#### [AVAILABLE DATA]

lemma cmod_of_coords_squared:
  "(cmod (of_coords q))^2 = of_int (normsq_int q) + of_int (normsq_sqrt3 q) * sqrt 3"
proof -
  obtain a b c d where q: "q = (a, b, c, d)" by (cases q) auto
  have "sqrt 3 * sqrt 3 = (3::real)" by simp
  then show ?thesis
    unfolding q cmod_power2 of_coords_Complex by (simp add: field_simps power2_eq_square)
qed

lemma four_normsq_int: "4 * normsq_int (a, b, c, d) = (2*a + c)^2 + 3*c^2 + (2*b + d)^2 + 3*d^2"
  by (simp add: power2_eq_square algebra_simps)

lemma normsq_int_nonneg: "normsq_int q \<ge> 0"
proof -
  obtain a b c d where q: "q = (a, b, c, d)" by (cases q) auto
  have "4 * normsq_int q \<ge> 0" unfolding q four_normsq_int by simp
  then show ?thesis by simp
qed

lemma normsq_int_eq_0: "normsq_int q = 0 \<Longrightarrow> of_coords q = 0"
proof -
  obtain a b c d where q: "q = (a, b, c, d)" by (cases q) auto
  assume "normsq_int q = 0"
  then have "(2*a + c)^2 + 3*c^2 + (2*b + d)^2 + 3*d^2 = 0" using four_normsq_int[of a b c d] q by simp
  then have "c = 0 \<and> d = 0 \<and> 2*a + c = 0 \<and> 2*b + d = 0"
    by (smt (verit) zero_le_power2 power2_eq_square mult_eq_0_iff)
  then have "q = (0, 0, 0, 0)" using q by simp
  then show ?thesis by (simp add: of_coords_def)
qed

lemma normsq_int_eq_1: assumes "normsq_int q = 1" shows "\<exists>t<12. of_coords q = zeta12 ^ t"
proof -
  obtain a b c d where q: "q = (a, b, c, d)" by (cases q) auto
  have sum4: "(2*a + c)^2 + 3*c^2 + (2*b + d)^2 + 3*d^2 = 4" using four_normsq_int[of a b c d] q assms by simp
  have "c^2 \<le> 1" "d^2 \<le> 1" "(2*a + c)^2 \<le> 4" "(2*b + d)^2 \<le> 4"
    using sum4 zero_le_power2[of c] zero_le_power2[of d] zero_le_power2[of "2*a + c"]
      zero_le_power2[of "2*b + d"] by linarith+
  then have "\<bar>c\<bar> \<le> 1" "\<bar>d\<bar> \<le> 1" "\<bar>2*a + c\<bar> \<le> 2" "\<bar>2*b + d\<bar> \<le> 2"
    by (simp_all add: abs_square_le_1 abs_le_square_iff[where y = 2, simplified])
  then have "a \<in> {-1, 0, 1}" "b \<in> {-1, 0, 1}" "c \<in> {-1, 0, 1}" "d \<in> {-1, 0, 1}" by auto
  then have "q \<in> set (map (\<lambda>t. (rot_coords ^^ t) (1, 0, 0, 0)) [0..<12])"
    using assms unfolding q by (simp add: eval_nat_numeral upt_rec) (elim disjE; simp)
  then obtain t where "t < 12" "q = (rot_coords ^^ t) (1, 0, 0, 0)" by auto
  moreover have "of_coords (1, 0, 0, 0) = 1" by (simp add: of_coords_def)
  ultimately show ?thesis using of_coords_funpow_rot_coords by auto
qed

definition delta :: complex where
  "delta = 1 + \<i>"

lemma delta_of_coords: "delta = of_coords (1, 0, 0, 1)"
  by (simp add: delta_def of_coords_def zeta12_power_3)

lemma delta_in_Z12 [simp]: "delta \<in> Z12"
  by (simp add: delta_of_coords)

lemma delta_nonzero [simp]: "delta \<noteq> 0"
  by (simp add: delta_def complex_eq_iff)

lemma cmod_delta_squared: "(cmod delta)^2 = 2"
  by (simp add: delta_def cmod_def)

lemma of_coords_eq_normsq:
  assumes "of_coords q = c * of_coords r" "(cmod c)^2 = of_int k"
  shows "normsq_int q = k * normsq_int r \<and> normsq_sqrt3 q = k * normsq_sqrt3 r"
proof -
  have "(cmod (of_coords q))^2 = of_int k * (cmod (of_coords r))^2"
    unfolding assms(1) by (simp add: norm_mult power_mult_distrib assms(2))
  then have "of_int (normsq_int q - k * normsq_int r) + of_int (normsq_sqrt3 q - k * normsq_sqrt3 r) * sqrt 3 = (0::real)"
    unfolding cmod_of_coords_squared by (simp add: algebra_simps)
  then show ?thesis using int_plus_int_sqrt3_eq_0 by fastforce
qed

#### [EXERCISE DESCRIPTION]
Copy out each line of the material above, word for word, from the first down to the line containing "assms by simp". Add nothing.

#### [RESPONSE BOX]
lemma cmod_of_coords_squared:
  "(cmod (of_coords q))^2 = of_int (normsq_int q) + of_int (normsq_sqrt3 q) * sqrt 3"
proof -
  obtain a b c d where q: "q = (a, b, c, d)" by (cases q) auto
  have "sqrt 3 * sqrt 3 = (3::real)" by simp
  then show ?thesis
    unfolding q cmod_power2 of_coords_Complex by (simp add: field_simps power2_eq_square)
qed

lemma four_normsq_int: "4 * normsq_int (a, b, c, d) = (2*a + c)^2 + 3*c^2 + (2*b + d)^2 + 3*d^2"
  by (simp add: power2_eq_square algebra_simps)

lemma normsq_int_nonneg: "normsq_int q \<ge> 0"
proof -
  obtain a b c d where q: "q = (a, b, c, d)" by (cases q) auto
  have "4 * normsq_int q \<ge> 0" unfolding q four_normsq_int by simp
  then show ?thesis by simp
qed

lemma normsq_int_eq_0: "normsq_int q = 0 \<Longrightarrow> of_coords q = 0"
proof -
  obtain a b c d where q: "q = (a, b, c, d)" by (cases q) auto
  assume "normsq_int q = 0"
  then have "(2*a + c)^2 + 3*c^2 + (2*b + d)^2 + 3*d^2 = 0" using four_normsq_int[of a b c d] q by simp
  then have "c = 0 \<and> d = 0 \<and> 2*a + c = 0 \<and> 2*b + d = 0"
    by (smt (verit) zero_le_power2 power2_eq_square mult_eq_0_iff)
  then have "q = (0, 0, 0, 0)" using q by simp
  then show ?thesis by (simp add: of_coords_def)
qed

lemma normsq_int_eq_1: assumes "normsq_int q = 1" shows "\<exists>t<12. of_coords q = zeta12 ^ t"
proof -
  obtain a b c d where q: "q = (a, b, c, d)" by (cases q) auto
  have sum4: "(2*a + c)^2 + 3*c^2 + (2*b + d)^2 + 3*d^2 = 4" using four_normsq_int[of a b c d] q assms by simp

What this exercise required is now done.